▸ **What to do**: Give back each line of the material that contains the word "notin".

BEGIN

(* Let $D\ge1$, let $Q_D$ be the $D$-dimensional hypercube on $X=\{0,1\}^D$ with adjacency matrix $A$. For $1\le i<j\le D$ the matrix $B_{ij}=\alpha^*_iA\alpha^*_j-\alpha^*_jA\alpha^*_i$ is antisymmetric and $A$-like.
   Context: $Q_D$ is the graph with vertex set $X=\{0,1\}^D$, two vertices adjacent iff they differ in exactly one coordinate. Matrices are real with rows and columns indexed by $X$. A matrix $B$ is $A$-like if $BA=AB$ and $B_{xy}=0$ for all $x,y\in X$ that are neither equal nor adjacent; it is antisymmetric if $B^t=-B$. For $1\le i\le D$, $\alpha^*_i$ is the diagonal matrix with $(x,x)$-entry $1$ if $x_i=0$ and $-1$ if $x_i=1$. *)

theory Defs
  imports Complex_Main
begin

text \<open>Vertices of Q_D: 0/1 vectors with coordinates 1..D, encoded as functions
  nat \<Rightarrow> bool that are False outside {1..D} (True = 1).
  Real matrices indexed by X are functions X \<Rightarrow> X \<Rightarrow> real; only entries on X matter.\<close>

type_synonym vtx = "nat \<Rightarrow> bool"
type_synonym xmat = "vtx \<Rightarrow> vtx \<Rightarrow> real"

definition cube :: "nat \<Rightarrow> vtx set" where
  "cube D = {x. \<forall>i. x i \<longrightarrow> i \<in> {1..D}}"

definition adjacent :: "nat \<Rightarrow> vtx \<Rightarrow> vtx \<Rightarrow> bool" where
  "adjacent D x y \<longleftrightarrow> x \<in> cube D \<and> y \<in> cube D \<and> card {i \<in> {1..D}. x i \<noteq> y i} = 1"

definition adj_mat :: "nat \<Rightarrow> xmat" where
  "adj_mat D x y = (if adjacent D x y then 1 else 0)"

definition mmult :: "nat \<Rightarrow> xmat \<Rightarrow> xmat \<Rightarrow> xmat" where
  "mmult D M N x y = (\<Sum>z\<in>cube D. M x z * N z y)"

definition mdiff :: "xmat \<Rightarrow> xmat \<Rightarrow> xmat" where
  "mdiff M N x y = M x y - N x y"

definition alpha_star :: "nat \<Rightarrow> xmat" where
  "alpha_star i x y = (if x = y then (if x i then -1 else 1) else 0)"

definition A_like :: "nat \<Rightarrow> xmat \<Rightarrow> bool" where
  "A_like D B \<longleftrightarrow>
     (\<forall>x\<in>cube D. \<forall>y\<in>cube D. mmult D B (adj_mat D) x y = mmult D (adj_mat D) B x y) \<and>
     (\<forall>x\<in>cube D. \<forall>y\<in>cube D. x \<noteq> y \<and> \<not> adjacent D x y \<longrightarrow> B x y = 0)"

definition antisymmetric_mat :: "nat \<Rightarrow> xmat \<Rightarrow> bool" where
  "antisymmetric_mat D B \<longleftrightarrow> (\<forall>x\<in>cube D. \<forall>y\<in>cube D. B y x = - B x y)"

definition B_mat :: "nat \<Rightarrow> nat \<Rightarrow> nat \<Rightarrow> xmat" where
  "B_mat D i j = mdiff (mmult D (mmult D (alpha_star i) (adj_mat D)) (alpha_star j))
                       (mmult D (mmult D (alpha_star j) (adj_mat D)) (alpha_star i))"

end

theory Submission
  imports Defs
begin

text \<open>Let \<open>e(x) = (-1)^(x_i + x_j)\<close> and let \<open>P_k\<close> be the permutation matrix of flipping
  coordinate \<open>k\<close>. A direct computation gives \<open>B_ij = 2 E (P_i - P_j)\<close> with \<open>E = diag e\<close>, so
  \<open>B_ij\<close> vanishes off the edges, and it is antisymmetric because transposition swaps \<open>i\<close> and \<open>j\<close>.
  As \<open>A\<close> is symmetric and \<open>B_ij\<close> antisymmetric, \<open>A B_ij = -(B_ij A)\<^sup>t\<close>, so commutation
  amounts to antisymmetry of \<open>B_ij A\<close>, whose \<open>(x,y)\<close> entry is
  \<open>2 e(x) (A(x + e_i, y) - A(x + e_j, y))\<close>. It vanishes unless exactly one of \<open>x + e_i\<close>,
  \<open>x + e_j\<close> is adjacent to \<open>y\<close>; then \<open>y\<close> arises from \<open>x\<close> by flipping one of \<open>i, j\<close> and one
  coordinate outside \<open>{i, j}\<close>, whence \<open>e(y) = -e(x)\<close>.\<close>

definition flip :: "nat \<Rightarrow> vtx \<Rightarrow> vtx" where
  "flip k x = x(k := \<not> x k)"

definition coord_sign :: "nat \<Rightarrow> vtx \<Rightarrow> real" where
  "coord_sign i x = (if x i then -1 else 1)"

lemma flip_flip [simp]: "flip k (flip k x) = x"
  by (auto simp: flip_def)

lemma flip_commute: "flip k (flip l x) = flip l (flip k x)"
  by (auto simp: flip_def fun_eq_iff)

lemma flip_eq_flip_iff [simp]: "flip k x = flip l x \<longleftrightarrow> k = l"
  by (auto simp: flip_def fun_eq_iff)

lemma flip_in_cube_iff [simp]: "k \<in> {1..D} \<Longrightarrow> flip k x \<in> cube D \<longleftrightarrow> x \<in> cube D"
  by (auto simp: flip_def cube_def split: if_splits)

lemma coord_sign_flip: "coord_sign i (flip k x) = (if k = i then - coord_sign i x else coord_sign i x)"
  by (simp add: coord_sign_def flip_def)

lemma finite_cube: "finite (cube D)"
proof (rule finite_subset)
  show "cube D \<subseteq> {x. \<forall>i. i \<notin> {1..D} \<longrightarrow> x i = False}"
    by (auto simp: cube_def)
  show "finite {x::vtx. \<forall>i. i \<notin> {1..D} \<longrightarrow> x i = False}"
    using finite_set_of_finite_funs[of "{1..D}" UNIV False] by simp
qed

lemma eq_flip_if_differ_only_at:
  assumes "x \<in> cube D" "y \<in> cube D" "{i \<in> {1..D}. x i \<noteq> y i} = {k}"
  shows "y = flip k x"
proof
  fix i
  have "i \<in> {1..D} \<Longrightarrow> x i \<noteq> y i \<longleftrightarrow> i = k" and "k \<in> {1..D}"
    using assms(3) by blast+
  then show "y i = flip k x i"
    using assms(1,2) by (cases "i \<in> {1..D}") (auto simp: flip_def cube_def)
qed

lemma adjacent_iff_flip:
  "adjacent D x y \<longleftrightarrow> x \<in> cube D \<and> y \<in> cube D \<and> (\<exists>k\<in>{1..D}. y = flip k x)"
proof
  assume adj: "adjacent D x y"
  then obtain k where k: "{i \<in> {1..D}. x i \<noteq> y i} = {k}"
    unfolding adjacent_def by (meson card_1_singletonE)
  with adj show "x \<in> cube D \<and> y \<in> cube D \<and> (\<exists>k\<in>{1..D}. y = flip k x)"
    using eq_flip_if_differ_only_at unfolding adjacent_def by blast
next
  assume "x \<in> cube D \<and> y \<in> cube D \<and> (\<exists>k\<in>{1..D}. y = flip k x)"
  then obtain k where "x \<in> cube D" "y \<in> cube D" "k \<in> {1..D}" "y = flip k x"
    by blast
  moreover from this have "{i \<in> {1..D}. x i \<noteq> y i} = {k}"
    by (auto simp: flip_def)
  ultimately show "adjacent D x y"
    by (simp add: adjacent_def)
qed

lemma adjacent_flip: "x \<in> cube D \<Longrightarrow> k \<in> {1..D} \<Longrightarrow> adjacent D x (flip k x)"
  by (auto simp: adjacent_iff_flip)

lemma adj_mat_sym: "adj_mat D x y = adj_mat D y x"
proof -
  have "adjacent D x y \<longleftrightarrow> adjacent D y x"
    unfolding adjacent_iff_flip by (metis flip_flip)
  then show ?thesis
    by (simp add: adj_mat_def)
qed

lemma adj_mat_flip_swap:
  assumes "k \<in> {1..D}"
  shows "adj_mat D (flip k x) y = adj_mat D x (flip k y)"
proof -
  have "y = flip l (flip k x) \<longleftrightarrow> flip k y = flip l x" for l
    by (metis flip_commute flip_flip)
  then have "adjacent D (flip k x) y \<longleftrightarrow> adjacent D x (flip k y)"
    using assms unfolding adjacent_iff_flip by simp
  then show ?thesis
    by (simp add: adj_mat_def)
qed

lemma alpha_star_apply: "alpha_star i x y = (if x = y then coord_sign i x else 0)"
  by (simp add: alpha_star_def coord_sign_def)

lemma mmult_alpha_star_left:
  "x \<in> cube D \<Longrightarrow> mmult D (alpha_star i) M x y = coord_sign i x * M x y"
  by (simp add: mmult_def alpha_star_apply finite_cube if_distrib[of "\<lambda>c. c * M _ y"] cong: if_cong)

lemma mmult_alpha_star_right:
  "y \<in> cube D \<Longrightarrow> mmult D M (alpha_star i) x y = M x y * coord_sign i y"
  by (simp add: mmult_def alpha_star_apply finite_cube if_distrib[of "\<lambda>c. M x _ * c"] cong: if_cong)

lemma mmult_sym_antisym:
  assumes "\<forall>u\<in>cube D. \<forall>v\<in>cube D. M v u = M u v" "antisymmetric_mat D N"
    and "x \<in> cube D" "y \<in> cube D"
  shows "mmult D M N x y = - mmult D N M y x"
proof -
  have "M x z * N z y = - (N y z * M z x)" if "z \<in> cube D" for z
  proof -
    have "M z x = M x z" "N z y = - N y z"
      using assms that unfolding antisymmetric_mat_def by blast+
    then show ?thesis
      by simp
  qed
  then show ?thesis
    unfolding mmult_def sum_negf[symmetric] by (intro sum.cong) auto
qed

lemma B_mat_apply:
  assumes "x \<in> cube D" "y \<in> cube D"
  shows "B_mat D i j x y = adj_mat D x y * (coord_sign i x * coord_sign j y - coord_sign j x * coord_sign i y)"
  using assms by (simp add: B_mat_def mdiff_def mmult_alpha_star_left mmult_alpha_star_right algebra_simps)

definition pair_sign :: "nat \<Rightarrow> nat \<Rightarrow> vtx \<Rightarrow> real" where
  "pair_sign i j x = coord_sign i x * coord_sign j x"

lemma pair_sign_commute: "pair_sign i j = pair_sign j i"
  by (simp add: pair_sign_def fun_eq_iff)

lemma pair_sign_flip:
  "i \<noteq> j \<Longrightarrow> pair_sign i j (flip k x) = (if k \<in> {i, j} then - pair_sign i j x else pair_sign i j x)"
  by (auto simp: pair_sign_def coord_sign_flip)

lemma B_mat_eq_flips:
  assumes "i \<noteq> j" "i \<in> {1..D}" "j \<in> {1..D}" "x \<in> cube D" "y \<in> cube D"
  shows "B_mat D i j x y = 2 * pair_sign i j x * (of_bool (y = flip i x) - of_bool (y = flip j x))"
proof (cases "adjacent D x y")
  case False
  then have "y \<noteq> flip i x" "y \<noteq> flip j x"
    using assms adjacent_flip by metis+
  with False show ?thesis
    using assms by (simp add: B_mat_apply adj_mat_def)
next
  case True
  then obtain k where k: "y = flip k x"
    unfolding adjacent_iff_flip by blast
  have "B_mat D i j x y = coord_sign i x * coord_sign j y - coord_sign j x * coord_sign i y"
    using True by (simp add: B_mat_apply[OF assms(4,5)] adj_mat_def)
  also have "\<dots> = 2 * pair_sign i j x * (of_bool (k = i) - of_bool (k = j))"
    using assms(1) by (cases "k = i"; cases "k = j") (simp_all add: k coord_sign_flip pair_sign_def)
  also have "\<dots> = 2 * pair_sign i j x * (of_bool (y = flip i x) - of_bool (y = flip j x))"
    by (simp add: k)
  finally show ?thesis .
qed

lemma mmult_B_mat_adj_mat:
  assumes "i \<noteq> j" "i \<in> {1..D}" "j \<in> {1..D}" "x \<in> cube D" "y \<in> cube D"
  shows "mmult D (B_mat D i j) (adj_mat D) x y
    = 2 * pair_sign i j x * (adj_mat D (flip i x) y - adj_mat D (flip j x) y)"
proof -
  have "mmult D (B_mat D i j) (adj_mat D) x y
    = (\<Sum>z\<in>cube D. 2 * pair_sign i j x * (if z = flip i x then adj_mat D z y else 0))
    - (\<Sum>z\<in>cube D. 2 * pair_sign i j x * (if z = flip j x then adj_mat D z y else 0))"
    unfolding mmult_def sum_subtractf[symmetric]
    using assms by (intro sum.cong) (auto simp: B_mat_eq_flips algebra_simps)
  also have "\<dots> = 2 * pair_sign i j x * (adj_mat D (flip i x) y - adj_mat D (flip j x) y)"
    using assms by (simp add: sum_distrib_left[symmetric] finite_cube algebra_simps)
  finally show ?thesis .
qed

lemma pair_sign_across_adjacency:
  assumes "i \<noteq> j" "i \<in> {1..D}" "j \<in> {1..D}"
    and "adjacent D (flip i x) y" "\<not> adjacent D (flip j x) y"
  shows "pair_sign i j y = - pair_sign i j x"
proof -
  obtain k where k: "k \<in> {1..D}" "y = flip k (flip i x)" and x: "x \<in> cube D"
    using assms adjacent_iff_flip by auto
  have "y \<noteq> flip l (flip j x)" if "l \<in> {1..D}" for l
    using assms(3,5) that x adjacent_flip flip_in_cube_iff by metis
  then have "k \<noteq> i" "k \<noteq> j"
    using assms(2,3) k flip_commute by (metis flip_flip)+
  then show ?thesis
    using assms(1) k by (simp add: pair_sign_flip)
qed

lemma mmult_B_mat_adj_mat_antisym:
  assumes "i \<noteq> j" "i \<in> {1..D}" "j \<in> {1..D}" "x \<in> cube D" "y \<in> cube D"
  shows "mmult D (B_mat D i j) (adj_mat D) y x = - mmult D (B_mat D i j) (adj_mat D) x y"
proof -
  have sign: "pair_sign i j y = - pair_sign i j x"
    if "adjacent D (flip i x) y \<noteq> adjacent D (flip j x) y"
    using that assms pair_sign_across_adjacency[of i j] pair_sign_across_adjacency[of j i]
    by (metis pair_sign_commute)
  have "adj_mat D (flip k y) x = adj_mat D (flip k x) y" if "k \<in> {1..D}" for k
    using that adj_mat_flip_swap adj_mat_sym by metis
  then show ?thesis
    using assms sign by (auto simp: mmult_B_mat_adj_mat adj_mat_def)
qed

theorem lemma9p5:
  fixes D i j :: nat
  assumes "D \<ge> 1" and "1 \<le> i" and "i < j" and "j \<le> D"
  shows "antisymmetric_mat D (B_mat D i j) \<and> A_like D (B_mat D i j)"
proof -
  have ij: "i \<noteq> j" "i \<in> {1..D}" "j \<in> {1..D}"
    using assms by auto
  have antisym: "antisymmetric_mat D (B_mat D i j)"
    unfolding antisymmetric_mat_def by (auto simp: B_mat_apply adj_mat_sym[of D _] algebra_simps)
  have "mmult D (B_mat D i j) (adj_mat D) x y = mmult D (adj_mat D) (B_mat D i j) x y"
    if "x \<in> cube D" "y \<in> cube D" for x y
    using that ij antisym mmult_B_mat_adj_mat_antisym mmult_sym_antisym adj_mat_sym by metis
  moreover have "B_mat D i j x y = 0"
    if "x \<in> cube D" "y \<in> cube D" "\<not> adjacent D x y" for x y
    using that by (simp add: B_mat_apply adj_mat_def)
  ultimately show ?thesis
    using antisym unfolding A_like_def by blast
qed

end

END

▸ **Result of the exercise**:
  show "cube D \<subseteq> {x. \<forall>i. i \<notin> {1..D} \<longrightarrow> x i = False}"
  show "finite {x::vtx. \<forall>i. i \<notin> {1..D} \<longrightarrow> x i = False}"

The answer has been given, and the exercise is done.